By Clemente Lisi – NEW YORK, NY (June 3, 2019) US Soccer Players – Longevity is something every soccer player hopes for but few find. Italy's Dino Zoff was 40 when he led his country to the 1982 World Cup title. He would retire a year later. Others have not. Dutch striker and 1992 World Player of the Year Marco van Basten retired at 28 following a recurring ankle injury.
Some of MLS's oldest players have also been among the best to ever play in the league. These players aren't just regularly taking the field each week, but they are also producing at the highest levels. How these players train, stay fit, and recover from injuries remains a key to their longevity.
In an age of heart-rate monitors and GPS trackers, the health and conditioning of players is closely monitored.
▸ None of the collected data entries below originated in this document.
(*
  For a point x = (x0, ..., x5) of the affine cone over S put (a, b, c) = (x4^2, x5^2, x0^2).
  The equations of S say exactly that x1^2 = c - a, x2^2 = c - b and x3^2 = b - a, so the number
  of points over (a, b, c) is the product of N(d) = #{y. y^2 = d} over the six differences of the
  four residues 0, a, b, c. As p = 1 mod 4, -1 is a square and N(-d) = N(d).

  All coordinates are nonzero iff 0, a, b, c are distinct. The fibre then has 64 points if all six
  differences are squares, i.e. if {0, a, b, c} is a K4-set, and is empty otherwise. Every
  translation class of K4-sets contains exactly four sets through 0, each of which arises from 3!
  triples (a, b, c), so the cone over S^0 has 64 * 24 * n_p(K4) points.

  The other nonzero points lie over the degenerate configurations, where some but not all of
  0, a, b, c coincide. They form 13 families parametrised by one or two free residues, and the
  fibre sums over them reduce to sum_x N(x) = p - 1 and to the identity sum_b N(b) N(b - a) = p - 1
  (a /= 0), which counts the solutions of v^2 - w^2 = a. The total is (p - 1)(24p - 80), and
  dividing by the p - 1 nonzero scalars gives the projective counts.
*)

lemma card_eq_sum_card_fibres:
  assumes "finite S" "finite T" "g ` S \<subseteq> T"
  shows "card S = (\<Sum>y\<in>T. card {x\<in>S. g x = y})"
  using sum.group[OF assms, of "\<lambda>_. 1::nat"] by simp

lemma sum_if_bij_betw:
  assumes "finite B" "bij_betw e A {r\<in>B. P r}"
  shows "(\<Sum>r\<in>B. if P r then f r else 0) = (\<Sum>x\<in>A. f (e x))"
  using assms by (simp add: sum.inter_filter[symmetric] sum.reindex_bij_betw)

lemma cong_diff_solve_right:
  "[x = b] (mod m) \<Longrightarrow> [y = a] (mod m) \<Longrightarrow> [x - y = z] (mod m) \<longleftrightarrow> [z = b - a] (mod m)"
  for x y z a b m :: int
  by (meson cong_diff cong_sym cong_trans)

lemma cong_diff_solve_left:
  "[x = b] (mod m) \<Longrightarrow> [z = a] (mod m) \<Longrightarrow> [x - y = z] (mod m) \<longleftrightarrow> [y = b - a] (mod m)"
  for x y z a b m :: int
proof -
  have "(x - y) - z = (x - b) - (z - a) - (y - (b - a))"
    and "y - (b - a) = (x - b) - (z - a) - ((x - y) - z)"
    by simp_all
  then show "[x = b] (mod m) \<Longrightarrow> [z = a] (mod m) \<Longrightarrow> ?thesis"
    unfolding cong_iff_dvd_diff by (metis dvd_diff)
qed

lemma length_6_cases:
  assumes "length x = 6"
  obtains y0 y1 y2 y3 y4 y5 where "x = [y0, y1, y2, y3, y4, y5]"
  using assms by (auto simp: numeral_eq_Suc length_Suc_conv)

definition list6 :: "'a \<times> 'a \<times> 'a \<times> 'a \<times> 'a \<times> 'a \<Rightarrow> 'a list" where
  "list6 = (\<lambda>(y0, y1, y2, y3, y4, y5). [y0, y1, y2, y3, y4, y5])"

lemma inj_list6: "inj list6"
  by (rule injI) (auto simp: list6_def)

lemma on_S_iff_squares:
  assumes "[y0^2 = c] (mod m)" "[y4^2 = a] (mod m)" "[y5^2 = b] (mod m)"
  shows "on_S m [y0, y1, y2, y3, y4, y5] \<longleftrightarrow>
           [y1^2 = c - a] (mod m) \<and> [y2^2 = c - b] (mod m) \<and> [y3^2 = b - a] (mod m)"
proof -
  have "[y1^2 - y2^2 = y3^2] (mod m) \<longleftrightarrow> [y3^2 = b - a] (mod m)"
    if "[y1^2 = c - a] (mod m)" "[y2^2 = c - b] (mod m)"
    using cong_diff_solve_right[OF that] by simp
  then show ?thesis
    using cong_diff_solve_left[OF assms(1,2)] cong_diff_solve_left[OF assms(1,3)]
    by (auto simp: on_S_def)
qed

section \<open>Square roots modulo an odd prime\<close>

locale odd_prime =
  fixes p :: int
  assumes prime: "prime p" and p_gt_2: "2 < p"
begin

lemma not_dvd_2: "\<not> p dvd 2"
  using p_gt_2 by (auto dest: zdvd_imp_le)

lemma dvd_mult_iff: "p dvd a * b \<longleftrightarrow> p dvd a \<or> p dvd b"
  using prime by (rule prime_dvd_mult_iff)

lemma dvd_2_mult_iff: "p dvd 2 * a \<longleftrightarrow> p dvd a"
  using not_dvd_2 by (simp add: dvd_mult_iff)

lemma residue_dvd_diff_iff:
  assumes "a \<in> {0..<p}" "b \<in> {0..<p}"
  shows "p dvd a - b \<longleftrightarrow> a = b"
  using assms by (auto simp: mod_eq_dvd_iff[symmetric])

lemma residue_dvd_iff: "a \<in> {0..<p} \<Longrightarrow> p dvd a \<longleftrightarrow> a = 0"
  using residue_dvd_diff_iff[of a 0] p_gt_2 by simp

lemma residue_cong_iff: "x \<in> {0..<p} \<Longrightarrow> [y = x] (mod p) \<longleftrightarrow> y mod p = x"
  by (simp add: cong_def)

lemma cong_square_iff: "[z^2 = y^2] (mod p) \<longleftrightarrow> [z = y] (mod p) \<or> [z = -y] (mod p)"
proof -
  have "z^2 - y^2 = (z - y) * (z - (-y))" by (simp add: power2_eq_square algebra_simps)
  then show ?thesis by (simp add: cong_iff_dvd_diff dvd_mult_iff)
qed

lemma mod_in_residues: "x mod p \<in> {0..<p}"
  using p_gt_2 by simp

lemma mod_in_units: "\<not> p dvd x \<Longrightarrow> x mod p \<in> {1..<p}"
  using mod_in_residues[of x] by (auto simp: dvd_eq_mod_eq_0)

lemma inverse_exists: "\<not> p dvd s \<Longrightarrow> \<exists>s'\<in>{1..<p}. [s' * s = 1] (mod p)"
proof -
  assume "\<not> p dvd s"
  then have "coprime s p" using prime by (simp add: prime_imp_coprime coprime_commute)
  then obtain x where x: "[s * x = 1] (mod p)" using cong_solve_coprime_int by blast
  have "\<not> p dvd x"
  proof
    assume "p dvd x"
    then have "[s * x = 0] (mod p)" by (simp add: cong_0_iff)
    with x have "p dvd 1" by (metis cong_0_iff cong_sym cong_trans)
    then show False using p_gt_2 by simp
  qed
  then have "x mod p \<in> {1..<p}" by (rule mod_in_units)
  moreover have "[x mod p * s = 1] (mod p)"
    using x by (metis cong_def mod_mult_left_eq mult.commute)
  ultimately show ?thesis by blast
qed

definition sqrts :: "int \<Rightarrow> int set" where
  "sqrts d = {y \<in> {0..<p}. [y^2 = d] (mod p)}"

definition nsqrt :: "int \<Rightarrow> int" where
  "nsqrt d = int (card (sqrts d))"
The area of sports science has come a long way in the past decade alone. It has allowed MLS teams to employ sports physicians and fitness trainers capable of extending careers. During the winter, players focus on physical fitness in the weight room with an emphasis on endurance, stamina, and diet. During the season, they supplement that with regular training sessions and playing games.
The league does have a number of players who appear unaffected by age. Colorado Rapids goalkeeper Tim Howard is the oldest at age 40. Howard has already announced that he will retire at the end of this season. The former USMNT star is followed by fellow shot-stopper Nick Rimando of Real Salt Lake at 39 years and 11 months, who is also calling it a career at the end of 2019. LA Galaxy striker Zlatan Ibrahimovic at 37 years, and seven months. Rounding out the top five are RSL midfielder Kyle Beckerman and Houston Dynamo defender DaMarcus Beasley at age 37. Beasley, too, recently announced that this would be his last season.
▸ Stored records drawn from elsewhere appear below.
lemma integrable_indicator_cprob_mult:
  assumes H: "subalgebra M H" and E: "E \<in> sets M" and f: "integrable M f"
  shows "integrable M (\<lambda>x. indicator E x * cprob M H E x * f x)"
proof (rule Bochner_Integration.integrable_bound[OF f])
  show "AE x in M. norm (indicator E x * cprob M H E x * f x) \<le> norm (f x)"
    using cprob_nonneg_le_one[OF H E]
    by eventually_elim (auto simp: indicator_def abs_mult intro!: mult_left_le_one_le)
qed (intro borel_measurable_times borel_measurable_indicator E borel_measurable_cprob2
    borel_measurable_integrable[OF f])

lemma set_integral_level_set_Int:
  fixes A f :: "'a \<Rightarrow> real" and a :: real
  defines "E \<equiv> {x \<in> space M. A x = a}"
  assumes H: "subalgebra M H" and A: "A \<in> borel_measurable M" and f: "integrable M f"
    and D: "D \<in> sigma_sets (space M) (ev M A borel)" and B: "B \<in> sets H"
  shows "(LINT x:D \<inter> B|M. indicator E x * cprob M H E x * f x)
    = (LINT x:D \<inter> B|M. indicator E x * real_cond_exp M H (\<lambda>x. indicator E x * f x) x)"
proof -
  let ?I = "indicator E :: 'a \<Rightarrow> real"
  have E_M: "E \<in> sets M"
    unfolding E_def by (rule level_set_in_sets[OF A refl])
  from level_set_subset_or_disjoint[OF D, of a]
  consider "E \<subseteq> D" | "E \<inter> D = {}"
    unfolding E_def by blast
  then show ?thesis
  proof cases
    case 1
    then have eq: "indicator (D \<inter> B) x * ?I x = indicator B x * ?I x" for x
      by (auto simp: indicator_def)
    have "(LINT x:D \<inter> B|M. ?I x * h x) = (\<integral>x. indicator B x * (?I x * h x) \<partial>M)" for h
      by (simp only: set_lebesgue_integral_def real_scaleR_def mult.assoc[symmetric] eq)
    then show ?thesis
      using integral_indicator_mult_cprob[OF H E_M B f] by (simp add: mult.assoc)
  next
    case 2
    then have eq: "indicator (D \<inter> B) x * ?I x = 0" for x
      by (auto simp: indicator_def)
    have "(LINT x:D \<inter> B|M. ?I x * h x) = 0" for h
      by (simp add: set_lebesgue_integral_def mult.assoc[symmetric] eq)
    then show ?thesis
      by (simp add: mult.assoc)
  qed
qed

lemma set_integral_level_set_join:
  fixes A f :: "'a \<Rightarrow> real" and a :: real
  defines "E \<equiv> {x \<in> space M. A x = a}"
  assumes H: "subalgebra M H" and A: "A \<in> borel_measurable M" and f: "integrable M f"
    and C: "C \<in> sigma_sets (space M) (ev M A borel \<union> sets H)"
  shows "(LINT x:C|M. indicator E x * cprob M H E x * f x)
    = (LINT x:C|M. indicator E x * real_cond_exp M H (\<lambda>x. indicator E x * f x) x)"
proof -
  interpret H: sigma_finite_subalgebra M H
    using H by (rule sigma_finite_subalgebra_of_subalgebra)
  have ev_A: "ev M A borel \<subseteq> sets M"
    using A by (rule ev_subset_sets)
  have E_M: "E \<in> sets M"
    unfolding E_def by (rule level_set_in_sets[OF A refl])
  let ?I = "indicator E :: 'a \<Rightarrow> real" and ?p = "cprob M H E"
  let ?g = "real_cond_exp M H (\<lambda>x. indicator E x * f x)"
  have int_Ig: "integrable M (\<lambda>x. ?I x * ?g x)"
    using integrable_mult_indicator[OF E_M H.real_cond_exp_int(1)] integrable_mult_indicator[OF E_M f]
    by simp
  show ?thesis
  proof (rule set_integral_eq_on_sigma_sets[OF Int_stable_Int_rects[OF H ev_A] Int_rects_subset_sets[OF H ev_A]
        integrable_indicator_cprob_mult[OF H E_M f] int_Ig])
    show "C \<in> sigma_sets (space M) (Int_rects M (ev M A borel) H)"
      using C sigma_sets_Int_rects[OF H ev_A] by simp
    have "space M \<in> sets H"
      using H by (metis sets.top subalgebra_def)
    then show "(\<integral>x. ?I x * ?p x * f x \<partial>M) = (\<integral>x. ?I x * ?g x \<partial>M)"
      using integral_indicator_mult_cprob[OF H E_M _ f, of "space M"] E_M sets.sets_into_space
      by (simp add: indicator_def cong: Bochner_Integration.integral_cong)
  next
    fix D assume "D \<in> Int_rects M (ev M A borel) H"
    then obtain D' B where "D = D' \<inter> B" "D' \<in> sigma_sets (space M) (ev M A borel)" "B \<in> sets H"
      unfolding Int_rects_def by blast
    then show "(LINT x:D|M. ?I x * ?p x * f x) = (LINT x:D|M. ?I x * ?g x)"
      unfolding E_def using set_integral_level_set_Int[OF H A f] by simp
  qed
qed

lemma cond_exp_join_level_set:
  fixes A f :: "'a \<Rightarrow> real" and a :: real
  defines "E \<equiv> {x \<in> space M. A x = a}"
  assumes H: "subalgebra M H"
    and F: "subalgebra M F" "sets F = sigma_sets (space M) (ev M A borel \<union> sets H)"
    and A: "A \<in> borel_measurable M" and f: "integrable M f"
  shows "AE x in M. x \<in> E \<longrightarrow>
    real_cond_exp M F f x * cprob M H E x = real_cond_exp M H (\<lambda>x. indicator E x * f x) x"
proof -
  interpret F: sigma_finite_subalgebra M F
    using F(1) by (rule sigma_finite_subalgebra_of_subalgebra)
  have HF: "subalgebra F H"
    using F H unfolding subalgebra_def by auto
  have "sets (gen M (ev M A borel \<union> sets H)) = sets F"
    using F(2) ev_subset_sets[OF A] H by (subst sets_gen) (auto simp: subalgebra_def)
  with measurable_join_ev[OF A H] have "A \<in> borel_measurable F"
    using measurable_cong_sets by blast
  then have E_F [measurable]: "E \<in> sets F"
    unfolding E_def by (rule level_set_in_sets) (use F(1) in \<open>simp add: subalgebra_def\<close>)
  have E_M [measurable]: "E \<in> sets M"
    using E_F F(1) by (auto simp: subalgebra_def)
  have [measurable]: "f \<in> borel_measurable M"
    using f by auto
  let ?I = "indicator E :: 'a \<Rightarrow> real" and ?p = "cprob M H E"
  let ?g = "real_cond_exp M H (\<lambda>x. indicator E x * f x)"
  have p_F [measurable]: "?p \<in> borel_measurable F" and g_F [measurable]: "?g \<in> borel_measurable F"
    by (simp_all add: measurable_from_subalg[OF HF])
  have int_Ipf: "integrable M (\<lambda>x. ?I x * ?p x * f x)"
    using H E_M f by (rule integrable_indicator_cprob_mult)
  have "AE x in M. real_cond_exp M F (\<lambda>x. ?I x * ?p x * f x) x = ?I x * ?g x"
  proof (rule F.real_cond_exp_charact)
    fix C assume "C \<in> sets F"
    then show "(LINT x:C|M. ?I x * ?p x * f x) = (LINT x:C|M. ?I x * ?g x)"
      unfolding F(2) E_def by (rule set_integral_level_set_join[OF H A f])
  next
    show "integrable M (\<lambda>x. ?I x * ?g x)"
      using integrable_mult_indicator[OF E_M sigma_finite_subalgebra.real_cond_exp_int(1)]
        sigma_finite_subalgebra_of_subalgebra[OF H] integrable_mult_indicator[OF E_M f]
      by simp
    show "(\<lambda>x. ?I x * ?g x) \<in> borel_measurable F"
      by (intro borel_measurable_times borel_measurable_indicator E_F g_F)
  qed (rule int_Ipf)
  moreover have "AE x in M. real_cond_exp M F (\<lambda>x. ?I x * ?p x * f x) x = ?I x * ?p x * real_cond_exp M F f x"
    using int_Ipf E_F by (intro F.real_cond_exp_mult) auto
  ultimately show ?thesis
    by eventually_elim (auto simp: indicator_def mult_ac)
qed

end

section \<open>The proximal causal model\<close>

lemma signA_square [simp]: "signA a * signA a = 1"
  unfolding signA_def by simp

lemma signA_nonzero [simp]: "signA a \<noteq> 0"
  unfolding signA_def by simp

lemma borel_measurable_signA [measurable]: "signA \<in> borel_measurable borel"
proof -
  have "signA = (\<lambda>a. 2 * indicator {1} a - 1)"
    by (auto simp: signA_def fun_eq_iff)
  moreover have "(\<lambda>a. 2 * indicator {1 :: real} a - 1 :: real) \<in> borel_measurable borel"
    by measurable
  ultimately show ?thesis by simp
qed

lemma measurable_of_signed:
  assumes "(\<lambda>(z, a, x). signA a * q (z, a, x)) \<in> borel_measurable (N1 \<Otimes>\<^sub>M (borel \<Otimes>\<^sub>M N2))"
  shows "q \<in> borel_measurable (N1 \<Otimes>\<^sub>M (borel \<Otimes>\<^sub>M N2))"
proof -
  have "q = (\<lambda>p. signA (fst (snd p)) * (\<lambda>(z, a, x). signA a * q (z, a, x)) p)"
    by (auto simp: fun_eq_iff mult.assoc[symmetric])
  also have "\<dots> \<in> borel_measurable (N1 \<Otimes>\<^sub>M (borel \<Otimes>\<^sub>M N2))"
    using assms by measurable
  finally show ?thesis .
qed

lemma measurable_Z_component:
  "Z \<in> measurable M (MZK MZ K) \<Longrightarrow> j \<in> {1..K} \<Longrightarrow> (\<lambda>\<omega>. Z \<omega> j) \<in> measurable M MZ"
  using measurable_compose[OF _ measurable_component_singleton[of j "{1..K}" "\<lambda>_. MZ"]] by simp

lemma Zev_subset_sets:
  assumes "Z \<in> measurable M (MZK MZ K)" "J \<subseteq> {1..K}"
  shows "Zev M Z MZ J \<subseteq> sets M"
  using assms measurable_Z_component[OF assms(1)] unfolding Zev_def ev_def
  by (blast intro: measurable_sets)

lemma bridge_on_level_set:
  assumes "AE \<omega> in M. r \<omega> = 1 / propA M G A \<omega>"
  shows "AE \<omega> in M. \<omega> \<in> {x \<in> space M. A x = a} \<longrightarrow> r \<omega> = 1 / cprob M G {x \<in> space M. A x = a} \<omega>"
  using assms by eventually_elim (auto simp: propA_def)

lemma signed_in_HgamD:
  assumes "(\<lambda>(z, a, x). signA a * q (z, a, x)) \<in> Hgam M Z MZ K A X MX \<gamma>"
  shows "q \<in> borel_measurable (MZK MZ K \<Otimes>\<^sub>M (borel \<Otimes>\<^sub>M MX))"
    and "integrable M (\<lambda>\<omega>. (q (Z \<omega>, A \<omega>, X \<omega>))\<^sup>2)"
proof -
  have signed: "(\<lambda>(z, a, x). signA a * q (z, a, x)) \<in> borel_measurable (MZK MZ K \<Otimes>\<^sub>M (borel \<Otimes>\<^sub>M MX))"
    and sq: "integrable M (\<lambda>\<omega>. (signA (A \<omega>) * q (Z \<omega>, A \<omega>, X \<omega>))\<^sup>2)"
    using assms unfolding Hgam_def L2fun_def by auto
  show "q \<in> borel_measurable (MZK MZ K \<Otimes>\<^sub>M (borel \<Otimes>\<^sub>M MX))"
    using signed by (rule measurable_of_signed)
  show "integrable M (\<lambda>\<omega>. (q (Z \<omega>, A \<omega>, X \<omega>))\<^sup>2)"
    using sq by (simp add: power_mult_distrib power2_eq_square[of "signA _"])
qed

context prob_space
begin

lemma measurable_Z_gen:
  assumes Z: "Z \<in> measurable M (MZK MZ K)" and S: "Zev M Z MZ {1..K} \<subseteq> S" "S \<subseteq> sets M"
  shows "Z \<in> measurable (gen M S) (MZK MZ K)"
proof -
  have "(\<lambda>\<omega> j. Z \<omega> j) \<in> measurable (gen M S) (MZK MZ K)"
  proof (rule measurable_PiM_single')
    fix j assume j: "j \<in> {1..K}"
    have "ev M (\<lambda>\<omega>. Z \<omega> j) MZ \<subseteq> S"
      using S(1) j unfolding Zev_def by blast
    then show "(\<lambda>\<omega>. Z \<omega> j) \<in> measurable (gen M S) MZ"
      by (rule measurable_gen[OF measurable_Z_component[OF Z j] _ S(2)])
  next
    show "(\<lambda>\<omega>. Z \<omega>) \<in> space (gen M S) \<rightarrow> (\<Pi>\<^sub>E i\<in>{1..K}. space MZ)"
      using measurable_space[OF Z] by (auto simp: space_PiM)
  qed
  then show ?thesis by simp
qed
Another thing these five players have in common? All spent time, either at club or National Team level, with trainer Pierre Barrieu. The Frenchman, currently the director of high performance for the Galaxy, was the head fitness coach for the USMNT from 2002 to 2006 under Bruce Arena and again from 2008-2012 when Bob Bradley served as coach. Over that time, he's spent time with Howard, Rimando, Beckerman, and Beasley.
"It's no surprise," Barrieu said of the five oldest players currently in MLS. "It's a mix of different factors. All these players are physical specimens, in different ways, who have wonderful abilities and take care of their bodies."
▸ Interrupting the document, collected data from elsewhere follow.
lemma integrable_exp_mult_of_bounded:
  fixes S :: "'a \<Rightarrow> real"
  assumes [measurable]: "S \<in> borel_measurable M"
    and S_bound: "\<And>\<omega>. \<omega> \<in> space M \<Longrightarrow> \<bar>S \<omega>\<bar> \<le> B"
  shows "integrable M (\<lambda>\<omega>. exp (s * S \<omega>))"
  using S_bound
  by (intro integrable_const_bound[where B = "exp (\<bar>s\<bar> * B)"] AE_I2)
     (auto intro: mult_le_abs_mult_of_abs_le)

lemma real_cond_exp_exp_mult_eq_const:
  fixes S :: "'a \<Rightarrow> real"
  assumes sub: "subalgebra M F"
    and [measurable]: "S \<in> borel_measurable M"
    and S_bound: "\<And>\<omega>. \<omega> \<in> space M \<Longrightarrow> \<bar>S \<omega>\<bar> \<le> B"
    and mgf: "\<And>A. A \<in> sets F \<Longrightarrow> (\<integral>\<omega>. indicator A \<omega> * exp (s * S \<omega>) \<partial>M) = c * measure M A"
  shows "AE \<omega> in M. real_cond_exp M F (\<lambda>\<omega>. exp (s * S \<omega>)) \<omega> = c"
proof -
  interpret F: finite_measure_subalgebra M F
    by (rule finite_measure_subalgebraI[OF sub])
  show ?thesis
  proof (rule F.real_cond_exp_charact)
    fix A assume A: "A \<in> sets F"
    then have "A \<in> sets M" using sub by (auto simp: subalgebra_def)
    then show "(\<integral>\<omega>\<in>A. exp (s * S \<omega>) \<partial>M) = (\<integral>\<omega>\<in>A. c \<partial>M)"
      using mgf[OF A] by (simp add: set_lebesgue_integral_def mult.commute)
  qed (simp_all add: integrable_exp_mult_of_bounded[OF _ S_bound])
qed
These ages far exceed the team averages this season, according to an analysis by MLSSoccer.com. FC Dallas' roster averages 24 years in age, while Seattle Sounders FC, at the other end of the spectrum, is the oldest at 27. Generally, field players are fortunate if they play until age 35. Goalkeepers tend to stretch their careers longer, largely due to not having to run nearly as much as field players.
At the same time, the MLS season can be a real grind. Barrieu said playing on different surfaces, with long travel in between and having to deal with jet lag can be a lot for players to handle on a weekly basis.
"The challenges of MLS has made it harder (for these players)," Barrieu said. "You definitely learn more as a player as you get older in training and during competitive matches."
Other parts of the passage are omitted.